_Requirement_
Restate verbatim the span of lines below between the line with "list \<Rightarrow> 'a" and the line with "(* An enumeration", including those two lines, and only that span.

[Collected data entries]
------------
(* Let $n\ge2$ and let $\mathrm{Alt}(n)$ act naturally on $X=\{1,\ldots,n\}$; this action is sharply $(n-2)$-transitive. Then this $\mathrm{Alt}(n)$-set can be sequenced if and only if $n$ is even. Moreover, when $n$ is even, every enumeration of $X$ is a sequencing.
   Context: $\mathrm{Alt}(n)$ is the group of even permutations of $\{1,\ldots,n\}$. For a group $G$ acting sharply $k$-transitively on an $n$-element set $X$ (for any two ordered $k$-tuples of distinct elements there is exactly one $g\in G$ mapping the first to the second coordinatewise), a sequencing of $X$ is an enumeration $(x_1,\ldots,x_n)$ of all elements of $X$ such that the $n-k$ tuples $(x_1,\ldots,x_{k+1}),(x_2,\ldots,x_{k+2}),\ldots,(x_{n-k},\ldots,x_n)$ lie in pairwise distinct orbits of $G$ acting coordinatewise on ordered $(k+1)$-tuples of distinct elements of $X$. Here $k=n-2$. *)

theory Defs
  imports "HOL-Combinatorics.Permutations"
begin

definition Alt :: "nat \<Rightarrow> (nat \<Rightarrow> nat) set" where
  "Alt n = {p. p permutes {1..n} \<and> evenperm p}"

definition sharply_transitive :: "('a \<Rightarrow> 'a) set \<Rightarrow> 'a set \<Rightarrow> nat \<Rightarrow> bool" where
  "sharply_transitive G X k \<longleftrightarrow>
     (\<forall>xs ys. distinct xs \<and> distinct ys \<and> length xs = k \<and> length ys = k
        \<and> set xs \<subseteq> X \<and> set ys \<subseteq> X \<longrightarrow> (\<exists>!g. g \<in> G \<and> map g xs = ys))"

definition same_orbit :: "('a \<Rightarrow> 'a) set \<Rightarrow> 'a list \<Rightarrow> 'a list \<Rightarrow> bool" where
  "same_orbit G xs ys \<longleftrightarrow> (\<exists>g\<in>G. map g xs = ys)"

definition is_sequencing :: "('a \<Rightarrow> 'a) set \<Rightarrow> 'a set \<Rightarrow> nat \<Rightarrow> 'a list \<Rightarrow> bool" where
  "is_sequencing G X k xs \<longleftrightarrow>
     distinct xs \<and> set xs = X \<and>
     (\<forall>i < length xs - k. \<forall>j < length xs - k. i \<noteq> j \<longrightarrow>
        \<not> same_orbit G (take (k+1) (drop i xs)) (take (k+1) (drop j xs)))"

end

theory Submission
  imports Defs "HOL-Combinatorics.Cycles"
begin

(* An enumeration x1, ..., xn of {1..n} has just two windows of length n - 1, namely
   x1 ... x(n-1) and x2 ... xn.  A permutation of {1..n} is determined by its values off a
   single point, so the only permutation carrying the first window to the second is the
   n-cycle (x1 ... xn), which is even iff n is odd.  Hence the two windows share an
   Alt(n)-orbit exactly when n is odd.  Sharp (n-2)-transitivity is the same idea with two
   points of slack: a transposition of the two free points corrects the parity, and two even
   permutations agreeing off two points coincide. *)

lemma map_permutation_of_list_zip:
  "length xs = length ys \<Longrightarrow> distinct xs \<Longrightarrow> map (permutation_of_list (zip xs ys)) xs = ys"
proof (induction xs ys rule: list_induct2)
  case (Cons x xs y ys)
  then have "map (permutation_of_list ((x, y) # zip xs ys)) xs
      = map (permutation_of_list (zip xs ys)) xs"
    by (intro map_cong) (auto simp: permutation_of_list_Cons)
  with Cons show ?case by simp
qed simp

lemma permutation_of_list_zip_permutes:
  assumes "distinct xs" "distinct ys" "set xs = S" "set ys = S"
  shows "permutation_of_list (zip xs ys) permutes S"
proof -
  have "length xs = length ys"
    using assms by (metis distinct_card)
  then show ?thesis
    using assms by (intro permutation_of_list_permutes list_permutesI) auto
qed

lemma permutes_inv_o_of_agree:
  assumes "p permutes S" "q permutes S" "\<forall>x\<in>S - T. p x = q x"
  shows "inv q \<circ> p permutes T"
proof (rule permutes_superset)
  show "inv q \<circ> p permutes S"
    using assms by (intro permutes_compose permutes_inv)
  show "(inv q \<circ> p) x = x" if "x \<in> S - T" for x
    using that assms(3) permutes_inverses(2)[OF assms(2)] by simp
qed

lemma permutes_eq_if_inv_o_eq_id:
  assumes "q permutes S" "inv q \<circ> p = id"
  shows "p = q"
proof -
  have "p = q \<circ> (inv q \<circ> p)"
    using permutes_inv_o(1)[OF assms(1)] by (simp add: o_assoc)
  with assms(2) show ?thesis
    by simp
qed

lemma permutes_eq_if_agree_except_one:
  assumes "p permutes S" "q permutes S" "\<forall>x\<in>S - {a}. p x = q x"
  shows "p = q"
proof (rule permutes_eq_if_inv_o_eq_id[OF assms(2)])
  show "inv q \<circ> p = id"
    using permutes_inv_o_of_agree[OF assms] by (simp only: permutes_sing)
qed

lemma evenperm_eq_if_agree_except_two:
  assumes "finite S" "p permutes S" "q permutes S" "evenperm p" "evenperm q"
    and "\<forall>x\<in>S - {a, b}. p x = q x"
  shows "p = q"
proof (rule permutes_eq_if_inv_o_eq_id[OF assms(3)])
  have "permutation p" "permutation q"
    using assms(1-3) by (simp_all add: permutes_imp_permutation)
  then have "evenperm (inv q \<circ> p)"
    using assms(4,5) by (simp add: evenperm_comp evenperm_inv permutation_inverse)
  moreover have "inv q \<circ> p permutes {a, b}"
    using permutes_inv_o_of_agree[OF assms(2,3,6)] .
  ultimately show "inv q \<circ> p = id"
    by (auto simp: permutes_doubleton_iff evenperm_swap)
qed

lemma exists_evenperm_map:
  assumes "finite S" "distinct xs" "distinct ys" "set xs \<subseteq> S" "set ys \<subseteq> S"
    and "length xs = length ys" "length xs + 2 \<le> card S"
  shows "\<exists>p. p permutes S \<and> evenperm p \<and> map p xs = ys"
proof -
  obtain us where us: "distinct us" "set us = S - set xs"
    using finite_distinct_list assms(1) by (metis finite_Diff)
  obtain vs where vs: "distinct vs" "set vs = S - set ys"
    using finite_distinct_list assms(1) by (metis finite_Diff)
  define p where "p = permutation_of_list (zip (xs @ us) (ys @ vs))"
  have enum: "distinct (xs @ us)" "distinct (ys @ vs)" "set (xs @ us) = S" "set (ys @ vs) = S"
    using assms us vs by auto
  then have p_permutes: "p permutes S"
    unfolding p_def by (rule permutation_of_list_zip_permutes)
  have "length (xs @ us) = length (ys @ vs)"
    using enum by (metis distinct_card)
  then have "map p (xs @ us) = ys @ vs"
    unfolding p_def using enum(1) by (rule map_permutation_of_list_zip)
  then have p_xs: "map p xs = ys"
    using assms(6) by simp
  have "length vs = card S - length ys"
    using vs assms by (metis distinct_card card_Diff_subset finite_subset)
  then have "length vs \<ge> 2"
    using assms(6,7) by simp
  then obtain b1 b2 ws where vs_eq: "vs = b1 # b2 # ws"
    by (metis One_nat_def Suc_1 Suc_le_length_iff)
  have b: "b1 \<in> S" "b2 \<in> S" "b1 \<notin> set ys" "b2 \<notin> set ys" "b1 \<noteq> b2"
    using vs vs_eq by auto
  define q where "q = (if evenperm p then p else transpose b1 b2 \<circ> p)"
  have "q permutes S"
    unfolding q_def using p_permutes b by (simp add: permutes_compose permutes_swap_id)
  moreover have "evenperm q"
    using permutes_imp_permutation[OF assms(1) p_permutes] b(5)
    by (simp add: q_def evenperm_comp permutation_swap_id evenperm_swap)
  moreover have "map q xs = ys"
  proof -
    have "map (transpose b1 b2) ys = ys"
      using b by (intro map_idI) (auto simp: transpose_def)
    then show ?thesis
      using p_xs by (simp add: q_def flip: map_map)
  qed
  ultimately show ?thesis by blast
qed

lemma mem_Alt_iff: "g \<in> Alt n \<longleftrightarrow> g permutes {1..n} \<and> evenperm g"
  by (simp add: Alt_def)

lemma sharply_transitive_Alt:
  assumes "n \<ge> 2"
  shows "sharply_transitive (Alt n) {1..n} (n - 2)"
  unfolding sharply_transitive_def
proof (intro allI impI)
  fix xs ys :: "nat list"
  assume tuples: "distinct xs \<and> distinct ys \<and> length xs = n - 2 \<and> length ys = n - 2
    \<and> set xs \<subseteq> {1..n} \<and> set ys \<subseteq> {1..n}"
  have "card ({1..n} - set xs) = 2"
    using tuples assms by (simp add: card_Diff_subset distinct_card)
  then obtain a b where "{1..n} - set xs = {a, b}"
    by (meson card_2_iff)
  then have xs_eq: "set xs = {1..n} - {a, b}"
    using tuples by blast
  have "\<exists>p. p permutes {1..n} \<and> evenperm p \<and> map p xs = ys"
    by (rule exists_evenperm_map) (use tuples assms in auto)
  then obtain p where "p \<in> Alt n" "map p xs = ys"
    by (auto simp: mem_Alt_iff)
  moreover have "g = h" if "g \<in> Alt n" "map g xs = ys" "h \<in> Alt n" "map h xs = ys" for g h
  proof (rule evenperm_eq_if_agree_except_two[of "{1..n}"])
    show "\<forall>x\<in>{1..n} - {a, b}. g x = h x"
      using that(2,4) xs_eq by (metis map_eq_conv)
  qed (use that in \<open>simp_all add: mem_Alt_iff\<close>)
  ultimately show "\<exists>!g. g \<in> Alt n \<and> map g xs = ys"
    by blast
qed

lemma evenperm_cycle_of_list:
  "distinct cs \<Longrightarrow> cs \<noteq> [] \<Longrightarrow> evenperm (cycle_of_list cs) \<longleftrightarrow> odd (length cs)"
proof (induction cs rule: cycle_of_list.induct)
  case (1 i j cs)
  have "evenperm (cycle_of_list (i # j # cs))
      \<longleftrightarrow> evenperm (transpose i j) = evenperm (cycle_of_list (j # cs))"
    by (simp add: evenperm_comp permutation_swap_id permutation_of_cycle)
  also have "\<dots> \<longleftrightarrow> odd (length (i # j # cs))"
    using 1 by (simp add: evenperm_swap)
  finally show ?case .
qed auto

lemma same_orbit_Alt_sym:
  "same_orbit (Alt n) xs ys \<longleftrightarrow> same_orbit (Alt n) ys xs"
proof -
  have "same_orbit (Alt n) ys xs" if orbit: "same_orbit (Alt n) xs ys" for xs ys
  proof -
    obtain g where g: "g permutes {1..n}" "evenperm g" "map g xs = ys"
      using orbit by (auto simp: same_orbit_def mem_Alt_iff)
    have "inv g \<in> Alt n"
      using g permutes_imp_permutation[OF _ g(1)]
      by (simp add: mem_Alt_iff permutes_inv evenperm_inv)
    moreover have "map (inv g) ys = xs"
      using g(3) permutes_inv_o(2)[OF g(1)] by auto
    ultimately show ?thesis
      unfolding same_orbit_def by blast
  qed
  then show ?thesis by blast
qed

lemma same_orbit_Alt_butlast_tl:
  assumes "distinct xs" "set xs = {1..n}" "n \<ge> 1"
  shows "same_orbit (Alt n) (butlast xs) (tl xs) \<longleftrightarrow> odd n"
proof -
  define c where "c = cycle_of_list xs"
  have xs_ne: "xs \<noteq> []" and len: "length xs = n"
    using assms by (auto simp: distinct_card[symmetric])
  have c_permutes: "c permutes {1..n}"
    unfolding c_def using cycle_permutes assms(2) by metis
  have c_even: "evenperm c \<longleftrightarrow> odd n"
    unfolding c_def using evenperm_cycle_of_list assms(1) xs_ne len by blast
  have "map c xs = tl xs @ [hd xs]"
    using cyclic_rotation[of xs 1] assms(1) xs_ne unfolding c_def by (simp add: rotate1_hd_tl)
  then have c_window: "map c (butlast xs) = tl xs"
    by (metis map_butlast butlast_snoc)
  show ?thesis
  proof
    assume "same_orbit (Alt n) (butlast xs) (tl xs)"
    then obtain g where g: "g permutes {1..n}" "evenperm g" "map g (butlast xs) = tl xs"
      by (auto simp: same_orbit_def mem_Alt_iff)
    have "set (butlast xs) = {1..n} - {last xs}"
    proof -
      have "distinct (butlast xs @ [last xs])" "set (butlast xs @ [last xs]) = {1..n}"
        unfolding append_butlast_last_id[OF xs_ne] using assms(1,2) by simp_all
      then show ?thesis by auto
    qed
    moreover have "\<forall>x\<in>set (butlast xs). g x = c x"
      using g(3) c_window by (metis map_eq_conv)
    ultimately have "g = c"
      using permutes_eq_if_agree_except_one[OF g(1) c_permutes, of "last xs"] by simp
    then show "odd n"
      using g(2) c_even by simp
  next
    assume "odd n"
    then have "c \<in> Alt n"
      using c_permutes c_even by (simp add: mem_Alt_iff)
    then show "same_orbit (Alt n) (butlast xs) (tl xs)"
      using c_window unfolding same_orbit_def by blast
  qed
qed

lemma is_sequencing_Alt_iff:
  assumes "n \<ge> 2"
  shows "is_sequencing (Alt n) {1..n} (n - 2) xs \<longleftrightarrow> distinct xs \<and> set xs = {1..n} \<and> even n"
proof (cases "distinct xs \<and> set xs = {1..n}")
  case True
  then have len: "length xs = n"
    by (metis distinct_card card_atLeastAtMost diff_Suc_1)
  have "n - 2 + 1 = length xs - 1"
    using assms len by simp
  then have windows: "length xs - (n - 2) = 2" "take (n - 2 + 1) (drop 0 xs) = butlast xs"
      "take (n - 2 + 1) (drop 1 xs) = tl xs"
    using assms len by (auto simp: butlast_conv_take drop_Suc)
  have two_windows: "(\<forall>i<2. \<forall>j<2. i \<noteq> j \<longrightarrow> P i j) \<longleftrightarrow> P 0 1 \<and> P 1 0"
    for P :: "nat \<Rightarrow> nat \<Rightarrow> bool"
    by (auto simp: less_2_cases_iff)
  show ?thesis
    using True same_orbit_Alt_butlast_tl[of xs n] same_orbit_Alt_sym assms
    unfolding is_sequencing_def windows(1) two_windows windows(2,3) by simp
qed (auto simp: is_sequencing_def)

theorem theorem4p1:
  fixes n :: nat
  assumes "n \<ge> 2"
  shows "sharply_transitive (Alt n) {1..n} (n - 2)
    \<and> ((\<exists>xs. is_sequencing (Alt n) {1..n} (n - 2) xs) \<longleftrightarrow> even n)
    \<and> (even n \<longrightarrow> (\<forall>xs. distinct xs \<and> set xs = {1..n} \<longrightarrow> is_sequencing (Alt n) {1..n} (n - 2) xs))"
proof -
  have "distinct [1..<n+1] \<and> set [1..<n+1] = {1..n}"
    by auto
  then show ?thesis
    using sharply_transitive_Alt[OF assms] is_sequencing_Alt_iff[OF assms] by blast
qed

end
------------
_Answer to this exercise_
definition same_orbit :: "('a \<Rightarrow> 'a) set \<Rightarrow> 'a list \<Rightarrow> 'a list \<Rightarrow> bool" where
  "same_orbit G xs ys \<longleftrightarrow> (\<exists>g\<in>G. map g xs = ys)"

definition is_sequencing :: "('a \<Rightarrow> 'a) set \<Rightarrow> 'a set \<Rightarrow> nat \<Rightarrow> 'a list \<Rightarrow> bool" where
  "is_sequencing G X k xs \<longleftrightarrow>
     distinct xs \<and> set xs = X \<and>
     (\<forall>i < length xs - k. \<forall>j < length xs - k. i \<noteq> j \<longrightarrow>
        \<not> same_orbit G (take (k+1) (drop i xs)) (take (k+1) (drop j xs)))"

end

theory Submission
  imports Defs "HOL-Combinatorics.Cycles"
begin

(* An enumeration x1, ..., xn of {1..n} has just two windows of length n - 1, namely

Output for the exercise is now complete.